I read Daycare Daze specifically because I admire her excellent authoritative parenting style and wish desperately that I lived close enough to send Babby to her daycare when he is a year old. But I recently found out that to her, Attachment Parenting is four-letter phrase. Since my foundation is in Psychology and Biology, I learned about Bowlby long before I ever heard of Dr. Sears and so I missed the whole attachment parents = permissive hippies connection.

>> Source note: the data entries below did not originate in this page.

lemma prob_ER_pmf_superset:
  assumes "T \<subseteq> graph_edges n" "0 \<le> p" "p \<le> 1"
  shows "measure_pmf.prob (ER_pmf n p) {G. T \<subseteq> G} = p ^ card T"
proof -
  let ?E = "graph_edges n"
  let ?B = "\<lambda>e. if e \<in> T then {True} else UNIV"
  have "(\<lambda>f. {e\<in>?E. f e}) -` {G. T \<subseteq> G} = Pi ?E ?B"
    using assms(1) by (auto simp: Pi_def)
  then have "measure_pmf.prob (ER_pmf n p) {G. T \<subseteq> G} =
      measure_pmf.prob (Pi_pmf ?E False (\<lambda>_. bernoulli_pmf p)) (Pi ?E ?B)"
    unfolding ER_pmf_def by simp
  also have "\<dots> = (\<Prod>e\<in>?E. measure_pmf.prob (bernoulli_pmf p) (?B e))"
    by (rule measure_Pi_pmf_Pi[OF finite_graph_edges])
  also have "\<dots> = (\<Prod>e\<in>?E. if e \<in> T then p else 1)"
    using assms by (intro prod.cong) (auto simp: measure_pmf_single)
  also have "\<dots> = p ^ card T"
    using assms(1) finite_graph_edges[of n] by (simp add: prod.If_cases Int_absorb1)
  finally show ?thesis .
qed

text \<open>Adding \<open>S\<close> to \<open>G(n,p)\<close> amounts to forcing the coins of the edges in \<open>S\<close> to come up heads.\<close>

lemma pmf_ER_pmf_Un:
  assumes S: "S \<subseteq> graph_edges n" and p: "0 < p" "p \<le> 1"
  shows "pmf (map_pmf (\<lambda>G0. G0 \<union> S) (ER_pmf n p)) G =
    (if S \<subseteq> G then pmf (ER_pmf n p) G / p ^ card S else 0)"
proof -
  let ?E = "graph_edges n"
  let ?q = "\<lambda>e. map_pmf (\<lambda>b. b \<or> e \<in> S) (bernoulli_pmf p)"
  let ?coin = "\<lambda>e. if e \<in> G then p else 1 - p"
  have q: "pmf (?q e) b = (if e \<in> S then of_bool b else ?coin e)" if "b \<longleftrightarrow> e \<in> G" for e b
    using p that by (cases "e \<in> S") (simp_all add: map_pmf_def bind_return_pmf' indicator_def)
  have "map_pmf (\<lambda>G0. G0 \<union> S) (ER_pmf n p) =
      map_pmf (\<lambda>f. {e\<in>?E. f e}) (Pi_pmf ?E False ?q)"
    unfolding ER_pmf_def
    by (subst Pi_pmf_map_dependent[OF finite_graph_edges])
       (auto simp: map_pmf_comp intro!: map_pmf_cong dest: subsetD[OF S])
  then have lhs: "pmf (map_pmf (\<lambda>G0. G0 \<union> S) (ER_pmf n p)) G =
      (if G \<subseteq> ?E then \<Prod>e\<in>?E. pmf (?q e) (e \<in> G) else 0)"
    by (simp add: pmf_Pi_pmf_subset[OF finite_graph_edges])
  have split: "(\<Prod>e\<in>?E. f e) = (\<Prod>e\<in>S. f e) * (\<Prod>e\<in>?E - S. f e)" for f :: "nat set \<Rightarrow> real"
    using S finite_graph_edges by (metis mult.commute prod.subset_diff)
  show ?thesis
  proof (cases "G \<subseteq> ?E \<and> S \<subseteq> G")
    case True
    have "(\<Prod>e\<in>S. pmf (?q e) (e \<in> G)) = 1" and "(\<Prod>e\<in>S. ?coin e) = p ^ card S"
      using True by (auto simp: q subset_iff intro!: prod.neutral)
    moreover have "(\<Prod>e\<in>?E - S. pmf (?q e) (e \<in> G)) = (\<Prod>e\<in>?E - S. ?coin e)"
      using p by (intro prod.cong) (auto simp: q)
    ultimately show ?thesis
      using True p lhs split[of "\<lambda>e. pmf (?q e) (e \<in> G)"] split[of ?coin] by (simp add: pmf_ER_pmf)
  next
    case False
    then consider "\<not> G \<subseteq> ?E" | e where "e \<in> S" "e \<notin> G"
      by auto
    then show ?thesis
    proof cases
      case 1
      then show ?thesis
        using lhs S p by (auto simp: pmf_ER_pmf)
    next
      case 2
      then have "(\<Prod>e\<in>?E. pmf (?q e) (e \<in> G)) = 0"
        using S by (intro prod_zero[OF finite_graph_edges]) (auto simp: q)
      then show ?thesis
        using lhs 2 by auto
    qed
  qed
qed

section \<open>Injections of the pattern into the vertex set\<close>

lemma finite_injs: "finite (injs K n)"
  unfolding injs_def by (rule finite_subset[of _ "{0..<K} \<rightarrow>\<^sub>E {0..<n}"]) (auto intro: finite_PiE)

lemma injs_nonempty: "K \<le> n \<Longrightarrow> injs K n \<noteq> {}"
  using restrict_PiE_iff[of id "{0..<K}" "\<lambda>_. {0..<n}"]
  unfolding injs_def by (auto intro!: exI[of _ "restrict id {0..<K}"])

lemma injsD:
  assumes "\<sigma> \<in> injs K n"
  shows "inj_on \<sigma> {0..<K}" "\<sigma> ` {0..<K} \<subseteq> {0..<n}"
  using assms unfolding injs_def by auto

lemma card_image_injs: "\<sigma> \<in> injs K n \<Longrightarrow> card (\<sigma> ` {0..<K}) = K"
  by (simp add: card_image injsD)

lemma embed_edges_subset_graph_edges:
  assumes "\<sigma> \<in> injs K n" "\<Gamma> \<subseteq> graph_edges K"
  shows "embed_edges \<sigma> \<Gamma> \<subseteq> graph_edges n"
proof
  fix x assume "x \<in> embed_edges \<sigma> \<Gamma>"
  then obtain e where e: "e \<in> \<Gamma>" "x = \<sigma> ` e"
    unfolding embed_edges_def by auto
  then have "e \<subseteq> {0..<K}" "card e = 2"
    using assms(2) unfolding graph_edges_def by auto
  moreover have "inj_on \<sigma> e"
    using injsD(1)[OF assms(1)] \<open>e \<subseteq> {0..<K}\<close> by (rule inj_on_subset)
  ultimately show "x \<in> graph_edges n"
    using injsD(2)[OF assms(1)] e unfolding graph_edges_def by (auto simp: card_image)
qed

text \<open>Composing with the transposition of \<open>i\<close> and \<open>j\<close> is an involution of \<open>injs K n\<close>
  exchanging the injections whose image contains \<open>i\<close> with those whose image contains \<open>j\<close>.\<close>

lemma card_injs_hitting_eq:
  assumes "i < n" "j < n"
  shows "card {\<sigma> \<in> injs K n. i \<in> \<sigma> ` {0..<K}} = card {\<sigma> \<in> injs K n. j \<in> \<sigma> ` {0..<K}}"
proof (rule bij_betw_same_card)
  let ?\<tau> = "\<lambda>\<sigma>. restrict (Transposition.transpose i j \<circ> \<sigma>) {0..<K}"
  have closed: "?\<tau> \<sigma> \<in> injs K n" if "\<sigma> \<in> injs K n" for \<sigma>
  proof -
    have "inj_on (Transposition.transpose i j \<circ> \<sigma>) {0..<K}"
      using injsD(1)[OF that] by (simp add: comp_inj_on)
    moreover have "Transposition.transpose i j (\<sigma> x) \<in> {0..<n}" if "x \<in> {0..<K}" for x
      using injsD(2)[OF \<open>\<sigma> \<in> injs K n\<close>] that assms
      by (auto simp: Transposition.transpose_def image_subset_iff)
    ultimately show ?thesis
      unfolding injs_def by (simp add: inj_on_restrict_eq)
  qed
  have invol: "?\<tau> (?\<tau> \<sigma>) = \<sigma>" if "\<sigma> \<in> injs K n" for \<sigma>
    using that unfolding injs_def by (auto simp: PiE_def extensional_def fun_eq_iff)
  have swap: "j \<in> ?\<tau> \<sigma> ` {0..<K} \<longleftrightarrow> i \<in> \<sigma> ` {0..<K}"
    and swap': "i \<in> ?\<tau> \<sigma> ` {0..<K} \<longleftrightarrow> j \<in> \<sigma> ` {0..<K}" for \<sigma>
  proof -
    have "?\<tau> \<sigma> ` {0..<K} = Transposition.transpose i j ` \<sigma> ` {0..<K}"
      by (simp only: image_restrict_eq image_comp)
    then show "j \<in> ?\<tau> \<sigma> ` {0..<K} \<longleftrightarrow> i \<in> \<sigma> ` {0..<K}"
      and "i \<in> ?\<tau> \<sigma> ` {0..<K} \<longleftrightarrow> j \<in> \<sigma> ` {0..<K}"
      by (simp_all only: in_transpose_image_iff transpose_apply_first transpose_apply_second)
  qed
  show "bij_betw ?\<tau> {\<sigma> \<in> injs K n. i \<in> \<sigma> ` {0..<K}} {\<sigma> \<in> injs K n. j \<in> \<sigma> ` {0..<K}}"
    by (rule bij_betw_byWitness[where f' = ?\<tau>]) (use closed invol swap swap' in blast)+
qed

lemma card_injs_hitting:
  assumes "i < n"
  shows "n * card {\<sigma> \<in> injs K n. i \<in> \<sigma> ` {0..<K}} = card (injs K n) * K"
proof -
  have "card (injs K n) * K = (\<Sum>\<sigma>\<in>injs K n. card ({0..<n} \<inter> \<sigma> ` {0..<K}))"
    by (simp add: Int_absorb1 injsD(2) card_image_injs)
  also have "\<dots> = (\<Sum>j\<in>{0..<n}. \<Sum>\<sigma>\<in>injs K n. of_bool (j \<in> \<sigma> ` {0..<K}))"
    by (subst sum.swap) (simp add: Int_def)
  also have "\<dots> = (\<Sum>j\<in>{0..<n}. card {\<sigma> \<in> injs K n. j \<in> \<sigma> ` {0..<K}})"
    using finite_injs by (simp add: Int_def)
  also have "\<dots> = (\<Sum>j\<in>{0..<n}. card {\<sigma> \<in> injs K n. i \<in> \<sigma> ` {0..<K}})"
    using card_injs_hitting_eq[OF assms] by (intro sum.cong) auto
  finally show ?thesis
    by simp
qed

section \<open>The second-moment bound on the overlap\<close>

locale planted_subgraph =
  fixes n :: nat and p :: real and K :: nat and \<Gamma> :: "nat set set"
    and est :: "nat set set \<Rightarrow> nat set"
  assumes p_pos: "0 < p" and p_le_1: "p \<le> 1" and K_le_n: "K \<le> n" and n_pos: "0 < n"
    and \<Gamma>_edges: "\<Gamma> \<subseteq> graph_edges K"
    and est_valid: "\<And>G. G \<subseteq> graph_edges n \<Longrightarrow> est G \<subseteq> {0..<n} \<and> card (est G) = K"
begin

abbreviation graphs :: "nat set set set" where "graphs \<equiv> Pow (graph_edges n)"
abbreviation embs :: "(nat \<Rightarrow> nat) set" where "embs \<equiv> injs K n"
abbreviation num_embs :: real where "num_embs \<equiv> real (card (injs K n))"
abbreviation P0 :: "nat set set \<Rightarrow> real" where "P0 G \<equiv> pmf (ER_pmf n p) G"
abbreviation EL2 :: real where
  "EL2 \<equiv> measure_pmf.expectation (ER_pmf n p) (\<lambda>G. (likelihood_ratio n p K \<Gamma> G)\<^sup>2)"

definition copy :: "(nat \<Rightarrow> nat) \<Rightarrow> nat set set" where "copy \<sigma> = embed_edges \<sigma> \<Gamma>"
definition verts :: "(nat \<Rightarrow> nat) \<Rightarrow> nat set" where "verts \<sigma> = \<sigma> ` {0..<K}"

abbreviation shared :: "(nat \<Rightarrow> nat) \<Rightarrow> (nat \<Rightarrow> nat) \<Rightarrow> nat" where
  "shared \<sigma> \<tau> \<equiv> card (verts \<sigma> \<inter> verts \<tau>)"

text \<open>With \<open>\<bbbP>\<^sub>\<sigma>\<close> the law of \<open>G\<close> given the placement \<open>\<sigma>\<close>:
  \<open>plant_ratio \<sigma> G = \<bbbP>\<^sub>\<sigma>(G) / \<bbbP>\<^sub>0(G)\<close>, \<open>lr G = L(G)\<close> and
  \<open>vertex_lr i G = \<bbbP>\<^sub>1(G, i \<in> \<K>) / \<bbbP>\<^sub>0(G)\<close>.\<close>

definition plant_ratio :: "(nat \<Rightarrow> nat) \<Rightarrow> nat set set \<Rightarrow> real" where
  "plant_ratio \<sigma> G = (if copy \<sigma> \<subseteq> G then 1 / p ^ card (copy \<sigma>) else 0)"

definition lr :: "nat set set \<Rightarrow> real" where
  "lr G = (\<Sum>\<sigma>\<in>embs. plant_ratio \<sigma> G) / num_embs"

definition vertex_lr :: "nat \<Rightarrow> nat set set \<Rightarrow> real" where
  "vertex_lr i G = (\<Sum>\<sigma>\<in>embs. plant_ratio \<sigma> G * of_bool (i \<in> verts \<sigma>)) / num_embs"

definition vertex_moment :: real where
  "vertex_moment = (\<Sum>G\<in>graphs. \<Sum>i\<in>{0..<n}. P0 G * (vertex_lr i G)\<^sup>2)"

definition cross_moment :: "(nat \<Rightarrow> nat) \<Rightarrow> (nat \<Rightarrow> nat) \<Rightarrow> real" where
  "cross_moment \<sigma> \<tau> = (\<Sum>G\<in>graphs. P0 G * plant_ratio \<sigma> G * plant_ratio \<tau> G)"

lemma finite_graphs: "finite graphs"
  by (simp add: finite_graph_edges)

lemma num_embs_pos: "0 < num_embs"
  using finite_injs injs_nonempty[OF K_le_n] by (simp add: card_gt_0_iff)

lemma copy_subset: "\<sigma> \<in> embs \<Longrightarrow> copy \<sigma> \<subseteq> graph_edges n"
  unfolding copy_def using \<Gamma>_edges by (simp add: embed_edges_subset_graph_edges)

lemma verts_subset: "\<sigma> \<in> embs \<Longrightarrow> verts \<sigma> \<subseteq> {0..<n}"
  unfolding verts_def by (rule injsD(2))

lemma card_verts: "\<sigma> \<in> embs \<Longrightarrow> card (verts \<sigma>) = K"
  unfolding verts_def by (rule card_image_injs)

lemma plant_ratio_nonneg: "0 \<le> plant_ratio \<sigma> G"
  unfolding plant_ratio_def using p_pos by simp

lemma sum_P0: "(\<Sum>G\<in>graphs. P0 G) = 1"
  using finite_graphs set_pmf_ER_pmf[of n p]
  by (simp add: measure_measure_pmf_finite[symmetric] measure_pmf.prob_eq_1 AE_measure_pmf_iff
      subset_iff)

lemma planted_pmf_eq:
  "planted_pmf n p K \<Gamma> =
     pmf_of_set embs \<bind> (\<lambda>\<sigma>. map_pmf (\<lambda>G0. (G0 \<union> copy \<sigma>, verts \<sigma>)) (ER_pmf n p))"
  unfolding planted_pmf_def copy_def verts_def
  by (subst bind_commute_pmf) (simp add: map_pmf_def)

lemma pmf_plant_copy:
  "\<sigma> \<in> embs \<Longrightarrow> pmf (map_pmf (\<lambda>G0. G0 \<union> copy \<sigma>) (ER_pmf n p)) G = P0 G * plant_ratio \<sigma> G"
  unfolding plant_ratio_def using pmf_ER_pmf_Un[OF copy_subset p_pos p_le_1] by simp

lemma prob_planted_vertex:
  "measure_pmf.prob (planted_pmf n p K \<Gamma>) {(G, T). i \<in> est G \<inter> T} =
     (\<Sum>G\<in>graphs. P0 G * of_bool (i \<in> est G) * vertex_lr i G)"
proof -
  let ?F = "\<lambda>\<sigma>. map_pmf (\<lambda>G0. (G0 \<union> copy \<sigma>, verts \<sigma>)) (ER_pmf n p)"
  let ?event = "{(G, T). i \<in> est G \<inter> T}"
  have prob_F: "measure_pmf.prob (?F \<sigma>) ?event =
      (\<Sum>G\<in>graphs. P0 G * plant_ratio \<sigma> G * of_bool (i \<in> est G) * of_bool (i \<in> verts \<sigma>))"
    if "\<sigma> \<in> embs" for \<sigma>
  proof -
    have "measure_pmf.prob (?F \<sigma>) ?event =
        measure_pmf.prob (map_pmf (\<lambda>G0. G0 \<union> copy \<sigma>) (ER_pmf n p)) {G. i \<in> est G \<inter> verts \<sigma>}"
      by (simp add: vimage_def case_prod_beta flip: Collect_conj_eq)
    also have "\<dots> = (\<Sum>G\<in>graphs. pmf (map_pmf (\<lambda>G0. G0 \<union> copy \<sigma>) (ER_pmf n p)) G *
        indicator {G. i \<in> est G \<inter> verts \<sigma>} G)"
      using set_pmf_ER_pmf[of n p] copy_subset[OF that]
      by (intro measure_pmf_eq_sum_finite_support finite_graphs) auto
    finally show ?thesis
      using that by (simp add: pmf_plant_copy indicator_def mult.assoc)
  qed
  have "measure_pmf.prob (planted_pmf n p K \<Gamma>) ?event =
      (\<Sum>\<sigma>\<in>embs. measure_pmf.prob (?F \<sigma>) ?event) / num_embs"
    unfolding planted_pmf_eq
  proof (rule measure_bind_pmf_of_set[OF finite_injs injs_nonempty[OF K_le_n]])
    show "finite (graphs \<times> Pow {0..<n})"
      using finite_graphs by simp
    show "set_pmf (?F \<sigma>) \<subseteq> graphs \<times> Pow {0..<n}" if "\<sigma> \<in> embs" for \<sigma>
      using set_pmf_ER_pmf[of n p] copy_subset[OF that] verts_subset[OF that] by auto
  qed
  also have "\<dots> = (\<Sum>\<sigma>\<in>embs. \<Sum>G\<in>graphs.
      P0 G * plant_ratio \<sigma> G * of_bool (i \<in> est G) * of_bool (i \<in> verts \<sigma>)) / num_embs"
    by (simp only: prob_F cong: sum.cong)
  also have "\<dots> = (\<Sum>G\<in>graphs. P0 G * of_bool (i \<in> est G) * vertex_lr i G)"
    unfolding vertex_lr_def
    by (simp add: sum.swap[of _ embs] sum_divide_distrib sum_distrib_left mult_ac)
  finally show ?thesis .
qed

My understanding of attachment theory comes psych courses, rather than from popular culture. I’ve always been a bit of a shut-in, so this isn’t the first time I’ve realized that I missed something big (I found out when I was 14 that there had been this guy named Kurt Cobain, who was now dead, and that his band Nirvana had started a whole movement called “Grunge” and I was like “What happened to the Beatles?”).

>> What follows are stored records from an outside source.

(* Let $F$ be an algebraically closed field of positive characteristic $p$. A rational function $\phi \in F(z)$ has no finite critical point if and only if its continued fraction expansion has the form \[ \phi(z) = [q_0(z^p), q_1(z^p), \ldots, q_n(z^p) + az] \] for some integer $n \geq 0$, polynomials $q_0, q_1, \ldots, q_n \in F[z]$, and a nonzero element $a \in F$.
   Context: Continued fraction expansion: for $\phi \in F(z)$, repeated use of the division algorithm gives unique polynomials $f_0, \ldots, f_n \in F[z]$, with $f_1, \ldots, f_n$ nonconstant ($f_0$ may be constant or zero), such that $\phi = f_0 + \cfrac{1}{f_1 + \cfrac{1}{\ddots + \cfrac{1}{f_n}}}$; this is written $\phi = [f_0, f_1, \ldots, f_n]$. Critical points: for $x \in F$, choose a fractional linear transformation $\sigma$ with coefficients in $F$ such that $\sigma(\phi(x)) \neq \infty$; $x$ is a finite critical point of $\phi$ if $\frac{d(\sigma\circ\phi)}{dz}(x) = 0$ (this is independent of the choice of $\sigma$). The point $\infty$ is a critical point if $\frac{d(\sigma \circ \phi(1/z))}{dz}\big|_{z=0} = 0$ for such a $\sigma$ with $\sigma(\phi(\infty)) \neq \infty$. *)

theory Defs
  imports "HOL-Computational_Algebra.Computational_Algebra"
begin

text \<open>Rational functions in F(z) are elements of the fraction field of F[z].
  Numerator/denominator are taken in reduced (normalized) form.\<close>

definition rnum :: "'a::field_gcd poly fract \<Rightarrow> 'a poly" where
  "rnum \<phi> = fst (quot_of_fract \<phi>)"

definition rden :: "'a::field_gcd poly fract \<Rightarrow> 'a poly" where
  "rden \<phi> = snd (quot_of_fract \<phi>)"

text \<open>Value of a rational function at a point of F, as an element of the
  projective line F \<union> {\<infinity>}; None stands for \<infinity>.\<close>
definition rval :: "'a::field_gcd poly fract \<Rightarrow> 'a \<Rightarrow> 'a option" where
  "rval \<phi> x = (if poly (rden \<phi>) x \<noteq> 0
                then Some (poly (rnum \<phi>) x / poly (rden \<phi>) x) else None)"

definition rderiv :: "'a::field_gcd poly fract \<Rightarrow> 'a poly fract" where
  "rderiv \<phi> = Fract (pderiv (rnum \<phi>) * rden \<phi> - rnum \<phi> * pderiv (rden \<phi>))
                      (rden \<phi> ^ 2)"

definition flt_ok :: "'a::field_gcd \<Rightarrow> 'a \<Rightarrow> 'a \<Rightarrow> 'a \<Rightarrow> bool" where
  "flt_ok a b c d \<longleftrightarrow> a * d - b * c \<noteq> 0"

definition flt_apply :: "'a::field_gcd \<Rightarrow> 'a \<Rightarrow> 'a \<Rightarrow> 'a \<Rightarrow> 'a option \<Rightarrow> 'a option" where
  "flt_apply a b c d w = (case w of
      Some v \<Rightarrow> (if c * v + d \<noteq> 0 then Some ((a * v + b) / (c * v + d)) else None)
    | None \<Rightarrow> (if c \<noteq> 0 then Some (a / c) else None))"

definition flt_comp :: "'a::field_gcd \<Rightarrow> 'a \<Rightarrow> 'a \<Rightarrow> 'a \<Rightarrow> 'a poly fract \<Rightarrow> 'a poly fract" where
  "flt_comp a b c d \<phi> =
     (to_fract [:a:] * \<phi> + to_fract [:b:]) / (to_fract [:c:] * \<phi> + to_fract [:d:])"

Apparently, to most people, “Attachment Parenting” as considered to be the name for what Perfect Husband and I call “Please Parenting” – the kind of parents who beg their tiny children to behave and alternately scold or coddle during tantrums rather than calmly enforcing proper boundaries.

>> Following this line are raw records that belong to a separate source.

lemma sum_sym_products_le_row_sums:
  fixes c :: "'a::finite \<Rightarrow> 'a \<Rightarrow> real"
  assumes nonneg: "\<And>i j. 0 \<le> c i j" and sym: "\<And>i j. c i j = c j i"
  shows "(\<Sum>i\<in>UNIV. \<Sum>j\<in>UNIV. c i j * x i * x j) \<le> (\<Sum>i\<in>UNIV. (\<Sum>j\<in>UNIV. c i j) * (x i)\<^sup>2)"
proof -
  define S where "S = (\<Sum>i\<in>UNIV. \<Sum>j\<in>UNIV. c i j * (x i)\<^sup>2)"
  have "2 * (\<Sum>i\<in>UNIV. \<Sum>j\<in>UNIV. c i j * x i * x j)
      \<le> (\<Sum>i\<in>UNIV. \<Sum>j\<in>UNIV. c i j * (x i)\<^sup>2 + c i j * (x j)\<^sup>2)"
    unfolding sum_distrib_left
  proof (intro sum_mono)
    fix i j
    have "0 \<le> c i j * (x i - x j)\<^sup>2"
      using nonneg by simp
    then show "2 * (c i j * x i * x j) \<le> c i j * (x i)\<^sup>2 + c i j * (x j)\<^sup>2"
      by (simp add: power2_eq_square algebra_simps)
  qed
  also have "\<dots> = S + S"
    unfolding S_def sum.distrib by (subst (2) sum.swap) (simp add: sym)
  finally show ?thesis
    unfolding S_def by (simp add: sum_distrib_right)
qed

definition offdiag_row_norm :: "complex^'n^'n \<Rightarrow> 'n \<Rightarrow> real" where
  "offdiag_row_norm A i = (\<Sum>j\<in>UNIV. if i \<noteq> j then cmod (A $ i $ j) else 0)"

Ironically, this actually violates attachment theory.
This is how I feel when I encounter Fundamentalist Christians. As a child, I learned about Christian forgiveness, about the dangers of wealth, and about accepting the differences of others. The fact that Christianity is now largely associated with Republican mysogynist, homophobic, and capitalist agendas baffles me… because it seems completely in opposition to the whole point of Christianity.
Now here I am, being told that Attachment Parenting is associated with Please Parenting, and I can only shake my head in disbelief.
So now I am here now to explain Attachment Theory and debunk this bizarre misunderstanding once and for all.
…at least, among the 200 people or so who happen on my blog every day.